Your goal
Copy each line of the material beneath that holds the word "imports".

Data supplied
::::::::

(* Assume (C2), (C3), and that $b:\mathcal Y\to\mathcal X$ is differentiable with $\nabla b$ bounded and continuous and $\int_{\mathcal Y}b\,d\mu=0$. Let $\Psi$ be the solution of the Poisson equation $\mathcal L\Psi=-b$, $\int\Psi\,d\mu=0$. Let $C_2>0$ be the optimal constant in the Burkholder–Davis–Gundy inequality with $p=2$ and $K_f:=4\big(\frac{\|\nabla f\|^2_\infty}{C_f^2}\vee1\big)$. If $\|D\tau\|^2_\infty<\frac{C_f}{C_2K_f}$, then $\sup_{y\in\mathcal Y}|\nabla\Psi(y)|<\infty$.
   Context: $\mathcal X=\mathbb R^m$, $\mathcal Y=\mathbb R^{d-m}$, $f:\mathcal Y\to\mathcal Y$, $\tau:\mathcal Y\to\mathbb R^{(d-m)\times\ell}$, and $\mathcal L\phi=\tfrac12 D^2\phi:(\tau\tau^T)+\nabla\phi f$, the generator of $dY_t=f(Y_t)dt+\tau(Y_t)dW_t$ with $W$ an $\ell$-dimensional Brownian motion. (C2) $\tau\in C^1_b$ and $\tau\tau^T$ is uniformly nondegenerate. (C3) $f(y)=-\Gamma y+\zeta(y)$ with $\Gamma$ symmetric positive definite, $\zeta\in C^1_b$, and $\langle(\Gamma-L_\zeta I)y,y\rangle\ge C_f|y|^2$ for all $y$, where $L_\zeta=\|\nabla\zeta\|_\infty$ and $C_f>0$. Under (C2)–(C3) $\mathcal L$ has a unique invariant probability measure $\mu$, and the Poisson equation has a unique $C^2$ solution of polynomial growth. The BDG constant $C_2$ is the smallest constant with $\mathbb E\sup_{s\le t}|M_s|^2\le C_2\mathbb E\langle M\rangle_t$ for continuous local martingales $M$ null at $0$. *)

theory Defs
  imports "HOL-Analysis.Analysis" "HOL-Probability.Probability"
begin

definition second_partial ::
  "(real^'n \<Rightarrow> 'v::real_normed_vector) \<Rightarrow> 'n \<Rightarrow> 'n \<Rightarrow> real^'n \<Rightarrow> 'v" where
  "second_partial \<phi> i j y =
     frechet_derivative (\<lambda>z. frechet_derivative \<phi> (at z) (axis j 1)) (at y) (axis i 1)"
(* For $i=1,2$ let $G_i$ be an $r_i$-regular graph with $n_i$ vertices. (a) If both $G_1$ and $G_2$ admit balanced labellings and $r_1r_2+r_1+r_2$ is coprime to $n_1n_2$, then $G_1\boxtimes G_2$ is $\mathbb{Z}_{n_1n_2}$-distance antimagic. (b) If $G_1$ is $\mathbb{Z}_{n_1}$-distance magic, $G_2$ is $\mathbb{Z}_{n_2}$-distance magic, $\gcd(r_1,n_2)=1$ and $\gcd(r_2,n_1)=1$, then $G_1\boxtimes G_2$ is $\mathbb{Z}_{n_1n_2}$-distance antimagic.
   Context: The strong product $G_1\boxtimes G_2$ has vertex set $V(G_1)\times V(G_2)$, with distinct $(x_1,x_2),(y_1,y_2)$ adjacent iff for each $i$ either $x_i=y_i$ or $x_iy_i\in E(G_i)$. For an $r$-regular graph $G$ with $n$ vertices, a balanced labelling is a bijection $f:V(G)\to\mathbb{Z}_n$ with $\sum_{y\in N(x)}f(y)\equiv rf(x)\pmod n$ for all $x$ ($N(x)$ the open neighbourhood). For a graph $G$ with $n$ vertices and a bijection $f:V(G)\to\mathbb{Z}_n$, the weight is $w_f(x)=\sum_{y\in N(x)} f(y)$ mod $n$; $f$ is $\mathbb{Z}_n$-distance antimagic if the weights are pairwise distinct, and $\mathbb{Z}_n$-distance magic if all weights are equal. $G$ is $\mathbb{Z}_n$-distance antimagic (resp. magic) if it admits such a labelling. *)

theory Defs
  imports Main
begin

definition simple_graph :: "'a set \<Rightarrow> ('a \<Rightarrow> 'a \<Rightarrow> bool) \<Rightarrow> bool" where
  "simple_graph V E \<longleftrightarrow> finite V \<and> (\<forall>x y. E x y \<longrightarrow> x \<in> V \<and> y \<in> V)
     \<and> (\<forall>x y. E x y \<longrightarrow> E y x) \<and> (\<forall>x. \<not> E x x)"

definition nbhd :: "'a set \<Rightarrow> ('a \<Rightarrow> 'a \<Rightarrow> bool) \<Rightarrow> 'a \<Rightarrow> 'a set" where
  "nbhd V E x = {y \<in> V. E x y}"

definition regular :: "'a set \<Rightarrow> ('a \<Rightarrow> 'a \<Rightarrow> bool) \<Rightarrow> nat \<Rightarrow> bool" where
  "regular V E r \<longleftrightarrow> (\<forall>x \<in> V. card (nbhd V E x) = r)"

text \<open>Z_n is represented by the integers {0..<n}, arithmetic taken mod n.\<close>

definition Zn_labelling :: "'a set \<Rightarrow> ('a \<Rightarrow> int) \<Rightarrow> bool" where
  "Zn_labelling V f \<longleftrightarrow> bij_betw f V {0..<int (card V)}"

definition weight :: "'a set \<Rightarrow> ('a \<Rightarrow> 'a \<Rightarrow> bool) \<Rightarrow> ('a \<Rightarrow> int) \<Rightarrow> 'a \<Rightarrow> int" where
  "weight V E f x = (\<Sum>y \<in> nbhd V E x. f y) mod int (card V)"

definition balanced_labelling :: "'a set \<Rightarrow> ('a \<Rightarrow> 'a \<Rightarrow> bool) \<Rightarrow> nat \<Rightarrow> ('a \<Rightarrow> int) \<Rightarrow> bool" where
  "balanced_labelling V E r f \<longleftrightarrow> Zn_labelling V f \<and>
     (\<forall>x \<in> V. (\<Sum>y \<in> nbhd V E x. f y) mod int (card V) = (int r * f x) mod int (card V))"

::::::::

Solution
  imports "HOL-Analysis.Analysis" "HOL-Probability.Probability"
  imports Main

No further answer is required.